[Records from a collection]
lemma eq_matrix_inv_mult_iff:
  fixes M :: "real^'n^'n"
  assumes "invertible M"
  shows "x = matrix_inv M *v y \<longleftrightarrow> M *v x = y"
  by (metis assms invertible_matrix_vector_mult_cancel matrix_inv_right matrix_vector_mul_assoc
      matrix_vector_mul_lid)

lemma half_sum_diff:
  "(1/2::real) *\<^sub>R (b + d) - (1/2) *\<^sub>R (a + c) - ((1/2) *\<^sub>R (a - c) + (1/2) *\<^sub>R (b - d)) = d - (a::'a::real_vector)"
proof -
  have "(b + d) - (a + c) - ((a - c) + (b - d)) = (2::real) *\<^sub>R (d - a)"
    by (simp add: algebra_simps scaleR_2)
  then show ?thesis by (simp only: scaleR_diff_right[symmetric] scaleR_add_right[symmetric]) simp
qed

text \<open>Used with E0 = exp(hF/2) and E1 = exp(-hF/2), so that the two sides are the cosh and sinh
  parts and the equivalence is the coth form of the exact step.\<close>
lemma half_step_iff:
  fixes E0 E1 :: "real^'n^'n"
  assumes e01: "E0 ** E1 = mat 1" and e10: "E1 ** E0 = mat 1"
  shows "((1/2) *\<^sub>R (E0 + E1)) *v (\<nu>' - \<nu>) = ((1/2) *\<^sub>R (E0 - E1)) *v (\<nu> + \<nu>' + u)
     \<longleftrightarrow> \<nu>' = (E0 ** E0) *v \<nu> + (E0 ** ((1/2) *\<^sub>R (E0 - E1))) *v u"
proof -
  define Sh where "Sh = (1/2) *\<^sub>R (E0 - E1)"
  define Ch where "Ch = (1/2) *\<^sub>R (E0 + E1)"
  have "invertible E0" unfolding invertible_def using e01 e10 by blast
  have key: "Ch *v (\<nu>' - \<nu>) - Sh *v (\<nu> + \<nu>') = E1 *v \<nu>' - E0 *v \<nu>"
    unfolding Ch_def Sh_def scaleR_matrix_vector_assoc[symmetric] matrix_vector_mult_add_rdistrib
      matrix_vector_mult_diff_rdistrib matrix_vector_right_distrib matrix_vector_mult_diff_distrib
    by (rule half_sum_diff)
  have "Ch *v (\<nu>' - \<nu>) = Sh *v (\<nu> + \<nu>' + u) \<longleftrightarrow> E1 *v \<nu>' = E0 *v \<nu> + Sh *v u"
    by (metis key add.commute diff_eq_eq eq_diff_eq matrix_vector_right_distrib)
  also have "\<dots> \<longleftrightarrow> E0 *v (E1 *v \<nu>') = E0 *v (E0 *v \<nu> + Sh *v u)"
    using invertible_matrix_vector_mult_cancel[OF \<open>invertible E0\<close>] by simp
  also have "\<dots> \<longleftrightarrow> \<nu>' = (E0 ** E0) *v \<nu> + (E0 ** Sh) *v u"
    by (simp only: matrix_vector_mul_assoc e01 matrix_vector_right_distrib matrix_vector_mul_lid)
  finally show ?thesis unfolding Ch_def Sh_def .
qed

lemma matrix_add_rdistrib: "(A + B) ** C = A ** C + B ** (C::real^'n^'n)"
  by (simp add: vec_eq_iff matrix_matrix_mult_def sum.distrib algebra_simps)

lemma matrix_diff_rdistrib: "(A - B) ** C = A ** C - B ** (C::real^'n^'n)"
  by (simp add: vec_eq_iff matrix_matrix_mult_def sum_subtractf algebra_simps)

lemma matrix_diff_ldistrib: "C ** (A - B) = C ** A - C ** (B::real^'n^'n)"
  by (simp add: vec_eq_iff matrix_matrix_mult_def sum_subtractf algebra_simps)

lemma exact_step_iff_coth_form:
  fixes F :: "real^'n^'n"
  assumes invF: "invertible F" and invSh: "invertible (mat_sinh ((h/2) *\<^sub>R F))"
  shows "mat_coth ((h/2) *\<^sub>R F) *v (\<nu>' - \<nu>) = \<nu> + \<nu>' + 2 *\<^sub>R (matrix_inv F *v b)
     \<longleftrightarrow> \<nu>' = mat_exp (h *\<^sub>R F) *v \<nu> + ((mat_exp (h *\<^sub>R F) - mat 1) ** matrix_inv F) *v b"
proof -
  define E0 where "E0 = mat_exp ((h/2) *\<^sub>R F)"
  define E1 where "E1 = mat_exp ((-(h/2)) *\<^sub>R F)"
  define Sh where "Sh = (1/2) *\<^sub>R (E0 - E1)"
  define Ch where "Ch = (1/2) *\<^sub>R (E0 + E1)"
  have e01: "E0 ** E1 = mat 1" and e10: "E1 ** E0 = mat 1" and e00: "E0 ** E0 = mat_exp (h *\<^sub>R F)"
    using mat_exp_scaleR_add[of "h/2" F "-(h/2)"] mat_exp_scaleR_add[of "-(h/2)" F "h/2"]
      mat_exp_scaleR_add[of "h/2" F "h/2"] mat_exp_zero
    unfolding E0_def E1_def by simp_all
  have sinh: "mat_sinh ((h/2) *\<^sub>R F) = Sh" and cosh: "mat_cosh ((h/2) *\<^sub>R F) = Ch"
    unfolding mat_sinh_def mat_cosh_def Sh_def Ch_def E0_def E1_def by (simp_all add: scaleR_minus_left)
  have "invertible Sh" using invSh unfolding sinh .
  have "Sh ** Ch = Ch ** Sh"
    unfolding Sh_def Ch_def
    by (simp add: matrix_scalar_ac scalar_matrix_assoc[symmetric] matrix_add_ldistrib matrix_diff_ldistrib
        matrix_add_rdistrib matrix_diff_rdistrib e01 e10 scaleR_diff_right scaleR_add_right)
  then have "Sh ** (Ch ** matrix_inv Sh) = Ch"
    by (metis matrix_mul_assoc matrix_inv_right[OF \<open>invertible Sh\<close>] matrix_mul_rid)
  then have sinh_coth: "Sh *v (mat_coth ((h/2) *\<^sub>R F) *v x) = Ch *v x" for x
    unfolding mat_coth_def sinh cosh by (simp add: matrix_vector_mul_assoc)
  have "E0 ** Sh = (1/2) *\<^sub>R (mat_exp (h *\<^sub>R F) - mat 1)"
    unfolding Sh_def by (simp add: matrix_scalar_ac scalar_matrix_assoc[symmetric] matrix_diff_ldistrib e00 e01 scaleR_diff_right)
  then have tail: "(E0 ** Sh) *v (2 *\<^sub>R (matrix_inv F *v b)) = ((mat_exp (h *\<^sub>R F) - mat 1) ** matrix_inv F) *v b"
    by (simp add: matrix_vector_mult_scaleR scaleR_matrix_vector_assoc[symmetric] matrix_vector_mul_assoc
        scalar_matrix_assoc[symmetric])
  have "mat_coth ((h/2) *\<^sub>R F) *v (\<nu>' - \<nu>) = \<nu> + \<nu>' + 2 *\<^sub>R (matrix_inv F *v b)
      \<longleftrightarrow> Ch *v (\<nu>' - \<nu>) = Sh *v (\<nu> + \<nu>' + 2 *\<^sub>R (matrix_inv F *v b))"
    by (simp only: sinh_coth[symmetric] invertible_matrix_vector_mult_cancel[OF \<open>invertible Sh\<close>])
  also have "\<dots> \<longleftrightarrow> \<nu>' = mat_exp (h *\<^sub>R F) *v \<nu> + ((mat_exp (h *\<^sub>R F) - mat 1) ** matrix_inv F) *v b"
    unfolding Ch_def Sh_def half_step_iff[OF e01 e10] e00 tail[unfolded Sh_def] ..
  finally show ?thesis .
qed

lemma linear_scheme_iff_coth_form:
  fixes S A R C :: "real^'n^'n"
  assumes invF: "invertible (S ** A)" and invM: "invertible (S ** R + (S ** A) ** C)"
  shows "\<nu>' - \<nu> = (2 *\<^sub>R matrix_inv (S ** R + (S ** A) ** C))
             *v (S *v (g + ((1/2) *\<^sub>R (A *v (\<nu> + \<nu>')) + (1/2) *\<^sub>R (R *v (\<nu>' - \<nu>)))))
     \<longleftrightarrow> C *v (\<nu>' - \<nu>) = \<nu> + \<nu>' + 2 *\<^sub>R (matrix_inv (S ** A) *v (S *v g))"
proof -
  let ?M = "S ** R + (S ** A) ** C"
  have "\<nu>' - \<nu> = (2 *\<^sub>R matrix_inv ?M) *v (S *v (g + ((1/2) *\<^sub>R (A *v (\<nu> + \<nu>')) + (1/2) *\<^sub>R (R *v (\<nu>' - \<nu>)))))
      \<longleftrightarrow> ?M *v (\<nu>' - \<nu>) = 2 *\<^sub>R (S *v (g + ((1/2) *\<^sub>R (A *v (\<nu> + \<nu>')) + (1/2) *\<^sub>R (R *v (\<nu>' - \<nu>)))))"
    unfolding scaleR_matrix_vector_assoc[symmetric] matrix_vector_mult_scaleR[symmetric]
    by (rule eq_matrix_inv_mult_iff[OF invM])
  also have "\<dots> \<longleftrightarrow> (S ** A) *v (C *v (\<nu>' - \<nu>)) = (S ** A) *v (\<nu> + \<nu>' + 2 *\<^sub>R (matrix_inv (S ** A) *v (S *v g)))"
  proof -
    have "(S ** A) *v (\<nu> + \<nu>' + 2 *\<^sub>R (matrix_inv (S ** A) *v (S *v g))) = (S ** A) *v (\<nu> + \<nu>') + 2 *\<^sub>R (S *v g)"
      by (simp only: matrix_vector_right_distrib matrix_vector_mult_scaleR matrix_vector_mul_assoc
          matrix_inv_right[OF invF] matrix_vector_mul_lid matrix_mul_assoc matrix_mul_lid)
    moreover have "2 *\<^sub>R (S *v (g + ((1/2) *\<^sub>R (A *v (\<nu> + \<nu>')) + (1/2) *\<^sub>R (R *v (\<nu>' - \<nu>)))))
        = (S ** R) *v (\<nu>' - \<nu>) + ((S ** A) *v (\<nu> + \<nu>') + 2 *\<^sub>R (S *v g))"
      by (simp only: matrix_vector_right_distrib matrix_vector_mult_scaleR scaleR_add_right scaleR_scaleR
          matrix_vector_mul_assoc) (simp add: algebra_simps)
    ultimately show ?thesis
      by (simp add: matrix_vector_mult_add_rdistrib matrix_vector_mul_assoc[symmetric])
  qed
  also have "\<dots> \<longleftrightarrow> C *v (\<nu>' - \<nu>) = \<nu> + \<nu>' + 2 *\<^sub>R (matrix_inv (S ** A) *v (S *v g))"
    by (rule invertible_matrix_vector_mult_cancel[OF invF])
  finally show ?thesis .
qed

§ WORK REQUIRED: Above are some records; copy exactly the lines from the one with "parts and the" through the one with "- Sh *v (\<nu>", both included, and no others.

§ WRITTEN ANSWER:
  parts and the equivalence is the coth form of the exact step.\<close>
lemma half_step_iff:
  fixes E0 E1 :: "real^'n^'n"
  assumes e01: "E0 ** E1 = mat 1" and e10: "E1 ** E0 = mat 1"
  shows "((1/2) *\<^sub>R (E0 + E1)) *v (\<nu>' - \<nu>) = ((1/2) *\<^sub>R (E0 - E1)) *v (\<nu> + \<nu>' + u)
     \<longleftrightarrow> \<nu>' = (E0 ** E0) *v \<nu> + (E0 ** ((1/2) *\<^sub>R (E0 - E1))) *v u"
proof -
  define Sh where "Sh = (1/2) *\<^sub>R (E0 - E1)"
  define Ch where "Ch = (1/2) *\<^sub>R (E0 + E1)"
  have "invertible E0" unfolding invertible_def using e01 e10 by blast
  have key: "Ch *v (\<nu>' - \<nu>) - Sh *v (\<nu> + \<nu>') = E1 *v \<nu>' - E0 *v \<nu>"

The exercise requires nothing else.